OpenAPI Validator
Validate OpenAPI JSON or YAML for basic structure and view a normalized JSON version.
OpenAPI JSON/YAML
Results
- Paste a spec and click "Validate" to see issues.
Free OpenAPI validator for JSON and YAML specs
This OpenAPI validator helps you inspect API specifications written in JSON or YAML without needing to wire up a larger toolchain first. You can paste an OpenAPI or Swagger document, run a quick structural check, and review a normalized JSON version to make debugging easier.
It is useful for backend developers, API designers, frontend teams, QA engineers, technical writers, and platform teams working with API contracts during development, review, or documentation workflows.
What this OpenAPI tool helps you do
- validate OpenAPI JSON and YAML documents
- spot basic structural issues in API specs
- review a normalized JSON representation
- debug formatting and parsing problems faster
- check schemas, paths, and top-level API document structure
That makes it useful when you want a fast sanity check before committing a spec, sharing it with a team, or feeding it into another API workflow.
Why validate an OpenAPI or Swagger file?
API specs often become a shared contract between teams. If the structure is broken, fields are misplaced, or the document does not parse correctly, it can slow down development, break tooling, and create confusion between frontend, backend, QA, and documentation teams.
A validator gives you a quicker way to catch those issues early before they affect code generation, mock servers, client SDKs, or published docs.
Helpful for OpenAPI design and debugging
When building or editing an OpenAPI file, even a small indentation problem in YAML or a misplaced object in JSON can cause the whole spec to fail. A browser-based validator makes it easier to test changes quickly and confirm that the overall shape of the specification still makes sense.
This is especially helpful when you are working iteratively on paths, schemas, components, request bodies, responses, or reusable definitions.
Common use cases for an OpenAPI validator
Spec review
Quickly inspect whether a proposed API contract is well-formed before sharing it with other teams.
Toolchain preparation
Check that a spec is parseable before using it for code generation, mock servers, documentation, or SDK workflows.
YAML to JSON inspection
Review a normalized JSON version when you want a more explicit view of the parsed structure behind the YAML source.
Debugging spec errors
Catch broken formatting, missing sections, or invalid structural patterns before they cause trouble elsewhere.
OpenAPI JSON vs YAML
OpenAPI documents are commonly written in either JSON or YAML. YAML is often easier for humans to read and edit, while JSON can be easier to inspect programmatically and more explicit when debugging structure. Being able to validate both and review normalized JSON helps bridge that gap.

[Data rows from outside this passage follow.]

lemma mpl_is_2I:
  assumes "\<forall>x\<in>A. \<forall>z\<in>A. \<forall>w\<in>A. L (L x z) w = L z w"
    and "x \<in> A" "y \<in> A" "z \<in> A" "L x z \<noteq> L y z"
  shows "mpl_is A L 2"
proof -
  have "\<not> ret_one_elem A L 1"
    using assms(2-5) unfolding ret_one_elem_def by (metis One_nat_def ret_rel.simps)
  moreover have "\<not> ret_one_elem A L 0"
  proof
    assume "ret_one_elem A L 0"
    then have "x = y" using assms(2,3) by (simp add: ret_one_elem_def)
    then show False using assms(5) by simp
  qed
  ultimately have "\<not> ret_one_elem A L k" if "k < 2" for k
    using that by (cases k) (simp_all add: less_Suc_eq)
  moreover have "ret_one_elem A L 2"
    using assms(1,2) by (auto simp: ret_one_elem_def numeral_2_eq_2)
  ultimately show ?thesis by (simp add: mpl_is_def)
qed

section \<open>Square-free symmetric sets whose symmetric group satisfies lri\<close>

lemma trivial_solI:
  assumes "\<forall>p. r (r p) = p" and "\<And>x y. lact r x y = y"
  shows "trivial_sol r"
  unfolding trivial_sol_def
proof (intro allI)
  fix x y
  have r: "r (x, y) = (y, ract r x y)" using assms(2) by (simp add: lact_def ract_def prod_eq_iff)
  then have "(x, y) = (ract r x y, snd (r (y, ract r x y)))"
    using assms(1) assms(2)[of y "ract r x y"] by (metis lact_def prod.collapse)
  then show "r (x, y) = (y, x)" using r by simp
qed

locale lri_square_free_symmetric_set =
  fixes r :: "'a \<times> 'a \<Rightarrow> 'a \<times> 'a"
    and \<sigma> :: "'a word set \<times> 'a word set \<Rightarrow> 'a word set \<times> 'a word set"
  assumes symmetric_set: "symmetric_set r" and square_free: "square_free r"
    and S_embeds: "S_embeds r"
    and symmetric_group: "symmetric_group (GX r) \<sigma>"
    and \<sigma>_extends_r: "\<forall>x y. \<sigma> (iota r x, iota r y) = (iota r (lact r x y), iota r (ract r x y))"
    and lri: "lri (GX r) \<sigma>"

sublocale lri_square_free_symmetric_set \<subseteq> lri_symmetric_group "GX r" \<sigma>
  using symmetric_group lri by unfold_locales

context lri_square_free_symmetric_set
begin

lemma involutive: "r (r p) = p"
  using symmetric_set unfolding symmetric_set_def by blast

lemma lact_surj: "\<exists>z. lact r b z = x"
  using symmetric_set unfolding symmetric_set_def bij_def surj_def by metis

lemma lact_self: "lact r x x = x" and ract_self: "ract r x x = x"
  using square_free unfolding square_free_def lact_def ract_def by auto

lemma iota_eq_iff [simp]: "iota r x = iota r y \<longleftrightarrow> x = y"
  using iota_inj[OF _ S_embeds] involutive by blast

lemma L_iota: "L (iota r x) (iota r y) = iota r (lact r x y)"
  and R_iota: "R (iota r x) (iota r y) = iota r (ract r x y)"
  using \<sigma>_extends_r by (simp_all add: L_def R_def)

lemma ract_lact: "ract r (lact r x y) x = y"
  using R_L_cancel[of "iota r x" "iota r y"] by (simp add: L_iota R_iota)

lemma L_iota_in_range:
  assumes "g \<in> carrier (GX r)"
  shows "\<exists>y. L g (iota r x) = iota r y"
  using group_axioms assms
proof (induction arbitrary: x rule: GX_induct)
  case one
  then show ?case by auto
next
  case (iota b)
  then show ?case by (auto simp: L_iota)
next
  case (inv_iota b)
  obtain z where "lact r b z = x" using lact_surj by blast
  then have "L (inv\<^bsub>GX r\<^esub> iota r b) (iota r x) = iota r z"
    using L_inv_L[of "iota r b" "iota r z"] by (simp add: L_iota)
  then show ?case by blast
next
  case (mult a b)
  then show ?case using L_mult by (metis iota_in_GX)
qed

lemma mem_G_orbit_iff: "y \<in> G_orbit r \<sigma> x \<longleftrightarrow> (\<exists>g\<in>carrier (GX r). L g (iota r x) = iota r y)"
  by (simp add: G_orbit_def L_def)

lemma G_orbit_sym:
  assumes "y \<in> G_orbit r \<sigma> x"
  shows "x \<in> G_orbit r \<sigma> y"
proof -
  obtain g where g: "g \<in> carrier (GX r)" "L g (iota r x) = iota r y"
    using assms by (auto simp: mem_G_orbit_iff)
  then have "L (inv\<^bsub>GX r\<^esub> g) (iota r y) = iota r x"
    using L_inv_L[of g "iota r x"] by simp
  then show ?thesis using g(1) by (auto simp: mem_G_orbit_iff)
qed

lemma G_orbit_trans:
  assumes "y \<in> G_orbit r \<sigma> x" "z \<in> G_orbit r \<sigma> y"
  shows "z \<in> G_orbit r \<sigma> x"
proof -
  obtain g h where "g \<in> carrier (GX r)" "L g (iota r x) = iota r y"
    and "h \<in> carrier (GX r)" "L h (iota r y) = iota r z"
    using assms by (auto simp: mem_G_orbit_iff)
  then have "L (h \<otimes>\<^bsub>GX r\<^esub> g) (iota r x) = iota r z"
    by (simp add: L_mult)
  then show ?thesis using \<open>g \<in> carrier (GX r)\<close> \<open>h \<in> carrier (GX r)\<close>
    by (auto simp: mem_G_orbit_iff)
qed

lemma lact_mem_G_orbit: "lact r b x \<in> G_orbit r \<sigma> x"
  unfolding mem_G_orbit_iff by (rule bexI[of _ "iota r b"]) (simp_all add: L_iota)

lemma G_orbit_invariant:
  assumes "\<And>b x. f (lact r b x) = f x" and "y \<in> G_orbit r \<sigma> x"
  shows "f y = f x"
proof -
  obtain g where g: "g \<in> carrier (GX r)" "L g (iota r x) = iota r y"
    using assms(2) by (auto simp: mem_G_orbit_iff)
  have "\<forall>x y. L g (iota r x) = iota r y \<longrightarrow> f y = f x"
    using group_axioms g(1)
  proof (induction rule: GX_subgroup_induct)
    case (iota b)
    then show ?case using assms(1) by (simp add: L_iota)
  next
    case (inv a)
    then show ?case by (metis L_L_inv iota_in_GX)
  next
    case (mult a b)
    then show ?case by (metis L_iota_in_range L_mult iota_in_GX)
  qed simp
  then show ?thesis using g(2) by blast
qed

lemma lact_trivial_on_G_orbit:
  assumes "y \<in> G_orbit r \<sigma> x"
  shows "lact r x y = y"
proof -
  obtain g where "g \<in> carrier (GX r)" "L g (iota r y) = iota r x"
    using G_orbit_sym[OF assms] by (auto simp: mem_G_orbit_iff)
  then have "L (iota r x) (iota r y) = iota r y"
    using L_L_self[of g "iota r y"] by (simp add: L_iota R_iota lact_self ract_self)
  then show ?thesis by (simp add: L_iota)
qed

lemma r_trivial_on_G_orbit:
  assumes "y \<in> G_orbit r \<sigma> x" "z \<in> G_orbit r \<sigma> x"
  shows "r (y, z) = (z, y)"
proof -
  have "z \<in> G_orbit r \<sigma> y" "y \<in> G_orbit r \<sigma> z"
    using assms G_orbit_sym G_orbit_trans by blast+
  then have "lact r y z = z" "ract r y z = y"
    using lact_trivial_on_G_orbit ract_lact by metis+
  then show ?thesis by (metis lact_def ract_def prod.collapse)
qed

lemma lact_lact: "lact r (lact r b u) c = lact r u c"
proof -
  define \<alpha> where "\<alpha> = lact r (lact r b u) c"
  define \<beta> where "\<beta> = lact r (ract r u c) (ract r b u)"
  have "iota r \<alpha> \<otimes>\<^bsub>GX r\<^esub> iota r b = iota r (lact r u c) \<otimes>\<^bsub>GX r\<^esub> iota r \<beta>"
    using L_L_mult_eq[of "iota r b" "iota r u" "iota r c"]
    by (simp add: L_iota R_iota \<alpha>_def \<beta>_def)
  then have "(lact r u c, \<beta>) = (\<alpha>, b) \<or> (lact r u c, \<beta>) = r (\<alpha>, b)"
    using iota_mult_eq[OF _ S_embeds] involutive by blast
  then consider "lact r u c = \<alpha>" | "lact r \<alpha> b = lact r u c"
    by (metis fst_conv lact_def)
  then show ?thesis
  proof cases
    case 1
    then show ?thesis by (simp add: \<alpha>_def)
  next
    case 2
    have "b \<in> G_orbit r \<sigma> c"
      using G_orbit_sym[OF lact_mem_G_orbit[of \<alpha> b]] lact_mem_G_orbit[of u c] 2
      by (auto intro: G_orbit_trans)
    then have "b \<in> G_orbit r \<sigma> \<alpha>"
      using G_orbit_sym[OF lact_mem_G_orbit[of "lact r b u" c]] \<alpha>_def G_orbit_trans by blast
    then have ucb: "lact r u c = b"
      using 2 lact_trivial_on_G_orbit by simp
    then have "r (b, u) = (lact r b u, c)"
      using ract_lact[of u c] by (simp add: lact_def ract_def prod_eq_iff)
    then have "\<alpha> = b" using involutive[of "(b, u)"] by (simp add: \<alpha>_def lact_def)
    then show ?thesis using ucb by (simp add: \<alpha>_def)
  qed
qed

lemma L_iota_G_orbit:
  assumes "d \<in> carrier (GX r)"
  shows "y \<in> G_orbit r \<sigma> x \<Longrightarrow> L (iota r y) d = L (iota r x) d"
  using group_axioms assms
proof (induction arbitrary: x y rule: GX_subgroup_induct)
  case one
  then show ?case by simp
next
  case (iota w)
  then show ?case using G_orbit_invariant[of "\<lambda>x. lact r x w"] lact_lact by (simp add: L_iota)
next
  case (inv d)
  obtain x' y' where x': "L d (iota r x) = iota r x'" and y': "L d (iota r y) = iota r y'"
    using L_iota_in_range inv.hyps by meson
  have "y' \<in> G_orbit r \<sigma> x'"
    using inv.prems x' y' inv.hyps mem_G_orbit_iff G_orbit_sym G_orbit_trans by meson
  then show ?case using inv L_inv_right x' y' by simp
next
  case (mult a b)
  obtain x' y' where x': "R (iota r x) a = iota r x'" and y': "R (iota r y) a = iota r y'"
    using L_iota_in_range mult.hyps R_eq_L_inv by (metis inv_closed iota_in_GX)
  have "y' \<in> G_orbit r \<sigma> x'"
    using mult.prems x' y' mult.hyps R_eq_L_inv mem_G_orbit_iff G_orbit_sym G_orbit_trans
    by (metis inv_closed iota_in_GX)
  then show ?case using mult L_mult_right x' y' by simp
qed

lemma L_L:
  assumes "a \<in> carrier (GX r)" "c \<in> carrier (GX r)" "d \<in> carrier (GX r)"
  shows "L (L a c) d = L c d"
  using group_axioms assms(2) assms(1,3)
proof (induction arbitrary: a d rule: GX_subgroup_induct)
  case one
  then show ?case by simp
next
  case (iota x)
  then obtain y where "L a (iota r x) = iota r y" using L_iota_in_range by blast
  then show ?case using L_iota_G_orbit iota mem_G_orbit_iff by metis
next
  case (inv c)
  define e where "e = L (L c a) c"
  have e: "e \<in> carrier (GX r)" and "\<And>d. d \<in> carrier (GX r) \<Longrightarrow> L e d = L c d"
    using inv by (simp_all add: e_def)
  then have "L (inv\<^bsub>GX r\<^esub> e) d = L (inv\<^bsub>GX r\<^esub> c) d"
    using inv L_L_inv[of e d] L_inv_L[of c "L (inv\<^bsub>GX r\<^esub> e) d"] by (metis inv_closed L_closed)
  then show ?case using L_inv_right inv by (simp add: e_def)
next
  case (mult c1 c2)
  have "L (L a (c1 \<otimes>\<^bsub>GX r\<^esub> c2)) d = L (L a c1) (L (L (R a c1) c2) d)"
    using mult L_mult_right L_mult by simp
  also have "\<dots> = L (c1 \<otimes>\<^bsub>GX r\<^esub> c2) d"
    using mult L_mult by simp
  finally show ?case .
qed

end

theorem mainTheorem15:
  fixes r :: "'a \<times> 'a \<Rightarrow> 'a \<times> 'a"
    and \<sigma> :: "'a word set \<times> 'a word set \<Rightarrow> 'a word set \<times> 'a word set"
  assumes "symmetric_set r" and "square_free r" and "\<not> trivial_sol r"
    and "S_embeds r"
    and "symmetric_group (GX r) \<sigma>"
    and "\<forall>x y. \<sigma> (iota r x, iota r y) = (iota r (lact r x y), iota r (ract r x y))"
    and "lri (GX r) \<sigma>"
  shows "(\<forall>x. (\<forall>y\<in>G_orbit r \<sigma> x. \<forall>z\<in>G_orbit r \<sigma> x. r (y, z) = (z, y))
              \<or> (\<exists>y. G_orbit r \<sigma> x = {y}))
       \<and> mpl_is UNIV (lact r) 2
       \<and> mpl_is (carrier (GX r)) (\<lambda>a b. fst (\<sigma> (a, b))) 2"
proof -
  interpret lri_square_free_symmetric_set r \<sigma>
    using assms by (simp add: lri_square_free_symmetric_set_def)
  obtain x y where xy: "lact r x y \<noteq> lact r y y"
    using trivial_solI[of r] involutive assms(3) lact_self by metis
  have "mpl_is UNIV (lact r) 2"
    using mpl_is_2I[of UNIV "lact r"] lact_lact xy by blast
  moreover have "mpl_is (carrier (GX r)) L 2"
    using mpl_is_2I[of "carrier (GX r)" L "iota r x" "iota r y" "iota r y"] L_L xy
    by (simp add: L_iota)
  ultimately show ?thesis
    using r_trivial_on_G_orbit by (simp add: L_def[abs_def])
qed

end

This is useful when specs move between editors, repositories, generation tools, and CI workflows that may prefer one format over the other.
Good practices when working with API specs
- keep path and schema naming consistent
- validate changes before publishing or merging
- review reusable components carefully
- test examples and response structures alongside the spec
- use normalized output when debugging nested objects
A cleaner validation step often saves time later when teams start relying on the spec for implementation and documentation.
Browser-based API spec validation
This tool is designed for quick in-browser use, making it handy for development, review, API design discussions, and documentation workflows. It gives you a simple way to sanity-check an OpenAPI spec without spinning up a heavier validation environment for every small edit.